- PROBLEM DETAILS: Everything in the records should be repeated exactly, down to the last character.

- RECORDS FOR THE TASK:
lemma phi_lt_twice_chromatic_number:
  assumes G: "finite_graph V E" and "2 \<le> b" and "circ_colorable V E n d" "1 \<le> d" "d \<le> n"
    and below: "n < chromatic_number V E * d"
  shows "phi a b V E < 2 * enat (chromatic_number V E)"
proof -
  define k where "k = chromatic_number V E"
  have "E \<noteq> {}"
  proof
    assume "E = {}"
    then have "colorable V E 1" unfolding colorable_def by auto
    then have "k \<le> 1" unfolding k_def by (rule chromatic_number_le)
    then have "k * d \<le> n" using mult_le_mono1[of k 1 d] assms(5) by linarith
    then show False using below unfolding k_def by simp
  qed
  then obtain n0 d0 c where c: "circ_coloring V E n0 d0 c" "tight_circ_coloring E n0 d0 c"
    and nd0: "2 \<le> d0" "2 * d0 \<le> n0" "n0 < k * d0"
    using tight_circ_coloring_below[OF G _ chromatic_number_le assms(3,4)] below unfolding k_def by blast
  have "phi_admissible a b V E ((n0 - 1) div (d0 - 1) + 1)"
    using phi_admissible_of_tight_circ_coloring[OF G c nd0(1,2) assms(2)] .
  then have "phi a b V E \<le> enat ((n0 - 1) div (d0 - 1) + 1)"
    unfolding phi_def by (intro Inf_lower) blast
  also have "\<dots> < 2 * enat k" using num_blocks_lt_twice[OF nd0(3,1)] by (simp add: numeral_eq_enat)
  finally show ?thesis unfolding k_def .
qed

- SOLVED EXERCISE:
lemma phi_lt_twice_chromatic_number:
  assumes G: "finite_graph V E" and "2 \<le> b" and "circ_colorable V E n d" "1 \<le> d" "d \<le> n"
    and below: "n < chromatic_number V E * d"
  shows "phi a b V E < 2 * enat (chromatic_number V E)"
proof -
  define k where "k = chromatic_number V E"
  have "E \<noteq> {}"
  proof
    assume "E = {}"
    then have "colorable V E 1" unfolding colorable_def by auto
    then have "k \<le> 1" unfolding k_def by (rule chromatic_number_le)
    then have "k * d \<le> n" using mult_le_mono1[of k 1 d] assms(5) by linarith
    then show False using below unfolding k_def by simp
  qed
  then obtain n0 d0 c where c: "circ_coloring V E n0 d0 c" "tight_circ_coloring E n0 d0 c"
    and nd0: "2 \<le> d0" "2 * d0 \<le> n0" "n0 < k * d0"
    using tight_circ_coloring_below[OF G _ chromatic_number_le assms(3,4)] below unfolding k_def by blast
  have "phi_admissible a b V E ((n0 - 1) div (d0 - 1) + 1)"
    using phi_admissible_of_tight_circ_coloring[OF G c nd0(1,2) assms(2)] .
  then have "phi a b V E \<le> enat ((n0 - 1) div (d0 - 1) + 1)"
    unfolding phi_def by (intro Inf_lower) blast
  also have "\<dots> < 2 * enat k" using num_blocks_lt_twice[OF nd0(3,1)] by (simp add: numeral_eq_enat)
  finally show ?thesis unfolding k_def .
qed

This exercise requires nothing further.